Data masking is one of the most common approaches developers rely on to get safe and effective test data when and where they need it. 

And yes, it’s exactly what it sounds like. Data masking is the art of dressing real data up with a compelling disguise to protect its underlying identity. 

What Is Data Masking?

Data masking is a method of data anonymization that performs a one-to-one transformation to replace or “mask” your original data with fake data. The goal of data masking is two-fold: 1. to protect sensitive data against exposure, and 2. to create representative data that can be used effectively in place of real data. Uses for masked data include customer support, sales demos, and, as we’ll explore in more detail below, software development and testing.

Data masking is a method of data anonymization that performs a one-to-one transformation to replace or “mask” your original data with fake data.

You can mask data via any number of methods, including replacing, randomizing, or redacting it.

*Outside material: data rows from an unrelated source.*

lemma perm_of_jumps_in:
  assumes i: "i \<in> {1..n}"
  shows "perm_of_jumps m n U i \<in> {1..n}"
proof (cases "i \<in> U")
  case True
  then show ?thesis
    using perm_of_jumps_jump[OF True] admissible_jumps_bounds[OF True] by simp
next
  case False
  note step = perm_of_jumps_step[OF i False]
  show ?thesis
  proof (cases "covered_twice m U (i - 1)")
    case True
    then obtain a b where "a \<in> U" "a < b" "b \<le> i - 1"
      unfolding covered_twice_def by blast
    moreover have "1 \<le> a"
      using admissible_jumps_bounds[OF \<open>a \<in> U\<close>] by simp
    ultimately show ?thesis
      using step True i by auto
  next
    case False
    then show ?thesis
      using step i by auto
  qed
qed

lemma covered_twice_landing:
  assumes i: "i \<in> U" and succ: "i + m + 1 \<le> n" "i + m + 1 \<notin> U"
  shows "covered_twice m U (i + m)"
proof -
  obtain u where u: "u \<in> U" "u \<le> i + m + 1" "i + m + 1 \<le> u + m"
    using admissible_jumps_cover[of "i + m + 1"] succ(1) by auto
  have "u \<noteq> i + m + 1" "u \<noteq> i"
    using u succ(2) by auto
  then consider "i < u" | "u < i"
    by linarith
  then show ?thesis
  proof cases
    case 1
    then show ?thesis
      unfolding covered_twice_def using u i \<open>u \<noteq> i + m + 1\<close>
      by (intro bexI[of _ i] bexI[of _ u]) auto
  next
    case 2
    then show ?thesis
      unfolding covered_twice_def using u i
      by (intro bexI[of _ u] bexI[of _ i]) auto
  qed
qed

lemma perm_of_jumps_jump_neq_step:
  assumes i: "i \<in> U" and j: "j \<in> {1..n}" "j \<notin> U"
  shows "perm_of_jumps m n U i \<noteq> perm_of_jumps m n U j"
proof
  assume eq: "perm_of_jumps m n U i = perm_of_jumps m n U j"
  note step = perm_of_jumps_step[OF j] and jump = perm_of_jumps_jump[OF i]
  show False
  proof (cases "covered_twice m U (j - 1)")
    case True
    then obtain a b where ab: "a \<in> U" "b \<in> U" "a < b" "b \<le> j - 1" "j - 1 \<le> a + m"
      unfolding covered_twice_def by blast
    have "i + m = j - 2"
      using eq jump step True by simp
    then have "i < a"
      using ab step(1) by linarith
    then have "i + m + 2 \<le> b"
      using admissible_jumps_sparse[OF i ab(1,2)] ab(3) by simp
    then show False
      using ab \<open>i + m = j - 2\<close> step(1) by linarith
  next
    case False
    then have "i + m + 1 = j"
      using eq jump step by simp
    then show False
      using covered_twice_landing[OF i] j False by auto
  qed
qed

lemma perm_of_jumps_steps_neq:
  assumes i: "i \<in> {1..n}" "i \<notin> U" and j: "j \<in> {1..n}" "j \<notin> U" and "i < j"
  shows "perm_of_jumps m n U i \<noteq> perm_of_jumps m n U j"
proof
  assume "perm_of_jumps m n U i = perm_of_jumps m n U j"
  then have "j = i + 1" "\<not> covered_twice m U (i - 1)" "covered_twice m U (j - 1)"
    using perm_of_jumps_step[OF i] perm_of_jumps_step[OF j] \<open>i < j\<close> by (auto split: if_splits)
  then show False
    using covered_twice_pred[of m U i] i(2) by simp
qed

lemma inj_on_perm_of_jumps: "inj_on (perm_of_jumps m n U) {1..n}"
proof (rule inj_onI)
  fix i j assume i: "i \<in> {1..n}" and j: "j \<in> {1..n}"
    and eq: "perm_of_jumps m n U i = perm_of_jumps m n U j"
  consider "i \<in> U" "j \<in> U" | "i \<in> U" "j \<notin> U" | "i \<notin> U" "j \<in> U" | "i \<notin> U" "j \<notin> U"
    by blast
  then show "i = j"
  proof cases
    case 1
    then show ?thesis
      using eq perm_of_jumps_jump by simp
  next
    case 2
    then show ?thesis
      using eq perm_of_jumps_jump_neq_step j by blast
  next
    case 3
    then show ?thesis
      using eq perm_of_jumps_jump_neq_step i by metis
  next
    case 4
    then show ?thesis
      using eq perm_of_jumps_steps_neq i j by (metis linorder_neqE_nat)
  qed
qed

lemma jump_perm_perm_of_jumps: "jump_perm m n (perm_of_jumps m n U)"
proof -
  have "perm_of_jumps m n U ` {1..n} = {1..n}"
    using perm_of_jumps_in inj_on_perm_of_jumps by (intro endo_inj_surj) auto
  then have "perm_of_jumps m n U permutes {1..n}"
    using inj_on_perm_of_jumps by (intro bij_imp_permutes) (auto simp: bij_betw_def perm_of_jumps_def)
  moreover have "perm_of_jumps m n U i = i + m \<or> perm_of_jumps m n U i + 1 = i \<or>
      perm_of_jumps m n U i + 2 = i" if i: "i \<in> {1..n}" for i
    using perm_of_jumps_jump perm_of_jumps_step[OF i] by (cases "i \<in> U") auto
  ultimately show ?thesis
    unfolding jump_perm_def by blast
qed

lemma jumps_perm_of_jumps: "jumps m n (perm_of_jumps m n U) = U"
proof -
  have "perm_of_jumps m n U i \<noteq> i + m" if "i \<in> {1..n}" "i \<notin> U" for i
    using perm_of_jumps_step[OF that] by auto
  then show ?thesis
    unfolding jumps_def using perm_of_jumps_jump admissible_jumps_bounds by force
qed

end

lemma card_jump_perm: "card {p. jump_perm m n p} = card {U. admissible_jumps m n U}"
proof -
  have "bij_betw (jumps m n) {p. jump_perm m n p} {U. admissible_jumps m n U}"
    by (rule bij_betw_byWitness[where f' = "perm_of_jumps m n"])
      (auto simp: perm_of_jumps_jumps admissible_jumps_jumps jump_perm_perm_of_jumps jumps_perm_of_jumps)
  then show ?thesis
    by (rule bij_betw_same_card)
qed

section \<open>Jump sets as shifted start sets\<close>

lemma admissible_jumps_Suc_image_iff:
  "admissible_jumps m n (Suc ` S) \<longleftrightarrow> admissible_starts (m + 2) (Suc n) S"
proof -
  have fit: "(\<forall>u\<in>Suc ` S. 1 \<le> u \<and> u + m \<le> n) \<longleftrightarrow> (\<forall>s\<in>S. s + (m + 2) \<le> Suc n)"
    by auto
  have cover: "(\<exists>u\<in>Suc ` S. u \<le> x \<and> x \<le> u + m) \<longleftrightarrow> (\<exists>s\<in>S. s < x \<and> x < s + (m + 2))" for x
  proof -
    have "(\<exists>u\<in>Suc ` S. u \<le> x \<and> x \<le> u + m) \<longleftrightarrow> (\<exists>s\<in>S. Suc s \<le> x \<and> x \<le> Suc s + m)"
      by blast
    also have "\<dots> \<longleftrightarrow> (\<exists>s\<in>S. s < x \<and> x < s + (m + 2))"
      by (intro bex_cong refl) auto
    finally show ?thesis .
  qed
  have cells: "(1 \<le> x \<and> x \<le> n) \<longleftrightarrow> (0 < x \<and> x < Suc n)" for x :: nat
    by auto
  have sparse: "(\<forall>a\<in>Suc ` S. \<forall>b\<in>Suc ` S. \<forall>c\<in>Suc ` S. a < b \<and> b < c \<longrightarrow> a + m + 2 \<le> c) \<longleftrightarrow>
      (\<forall>a\<in>S. \<forall>b\<in>S. \<forall>c\<in>S. a < b \<and> b < c \<longrightarrow> a + (m + 2) \<le> c)"
    by auto
  show ?thesis
    unfolding admissible_jumps_def admissible_starts_def fit cover cells sparse ..
qed

lemma card_admissible_jumps:
  "card {U. admissible_jumps m n U} = card {S. admissible_starts (m + 2) (Suc n) S}"
proof -
  have "{U. admissible_jumps m n U} = image Suc ` {S. admissible_starts (m + 2) (Suc n) S}"
  proof (intro set_eqI iffI)
    fix U assume "U \<in> {U. admissible_jumps m n U}"
    then have U: "admissible_jumps m n U"
      by simp
    then have "U = Suc ` ((\<lambda>u. u - 1) ` U)"
      using admissible_jumps_bounds[OF U] by (force simp: image_image)
    then show "U \<in> image Suc ` {S. admissible_starts (m + 2) (Suc n) S}"
      using U admissible_jumps_Suc_image_iff by (metis imageI mem_Collect_eq)
  qed (auto simp: admissible_jumps_Suc_image_iff)
  moreover have "inj_on (image Suc) {S. admissible_starts (m + 2) (Suc n) S}"
    by (rule inj_onI) (simp add: inj_image_eq_iff)
  ultimately show ?thesis
    by (simp add: card_image)
qed

theorem theorem3:
  fixes m l :: nat
  assumes "l > 1"
  shows "mu 1 (m + 2) l = 2 * P_W (l - 1) {-2, -1, int m}"
proof -
  have "mu 1 (m + 2) l = 2 * card {S. admissible_starts (m + 2) l S}"
    unfolding mu_def using card_mixed_metatiles assms by simp
  also have "\<dots> = 2 * card {U. admissible_jumps m (l - 1) U}"
    using card_admissible_jumps[of m "l - 1"] assms by simp
  also have "\<dots> = 2 * P_W (l - 1) {-2, -1, int m}"
    by (simp add: P_W_eq_card_jump_perm card_jump_perm)
  finally show ?thesis .
qed

end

Some of these methods are more effective than others, and which one you use will vary based on your goals. 

Why Is Data Masking Important?

Thanks to an increasing focus on and regulations around data privacy, data masking has become a critical process within many organizational workflows, in particular within the data pipelines that fuel software development, testing, and QA. Software developers require high-quality, realistic data throughout their lower environments, but using sensitive production data is no longer an option, legally or ethically. A comprehensive data masking solution, ensures that developers have the data they need to build and test their products effectively.

The benefits of masking production data are many. In addition to streamlining data provisioning for lower environments, when done well, high-quality masked data boosts developer productivity by accelerating development and release cycles, and decreasing the number of bugs that get shipped to production. Data masking can also unblock wider resources by enabling offshore development teams to work with realistic data without infringing data privacy regulations.

These regulations, including GDPR in Europe, CCPA in California, and HIPAA across the United States, have increased the urgency for integrating data masking processes within the software development lifecycle. At the same time, they have also increased the demands on the rigor of those processes. In-house solutions and outdated, legacy tooling aren’t enough to satisfy the complex masking requirements of today’s agile developers who need to keep sensitive data out of their lower environments.

Which Types Of Data Require Data Masking?

Aside from the practical benefits of developer productivity outlined above, data masking may be a legal requirement depending on where you operate, what industry you work in, and what kind of data you work with. 

In the United States, for example, developers whose products run on protected health information must only work with masked data in their staging and QA environments, thanks to HIPAA. Europe’s GDPR and California’s CCPA, meanwhile, cast a much broader net, to define sensitive data as including identifiers, geolocation data, biometric data, education- and employment-related information, and demographic data.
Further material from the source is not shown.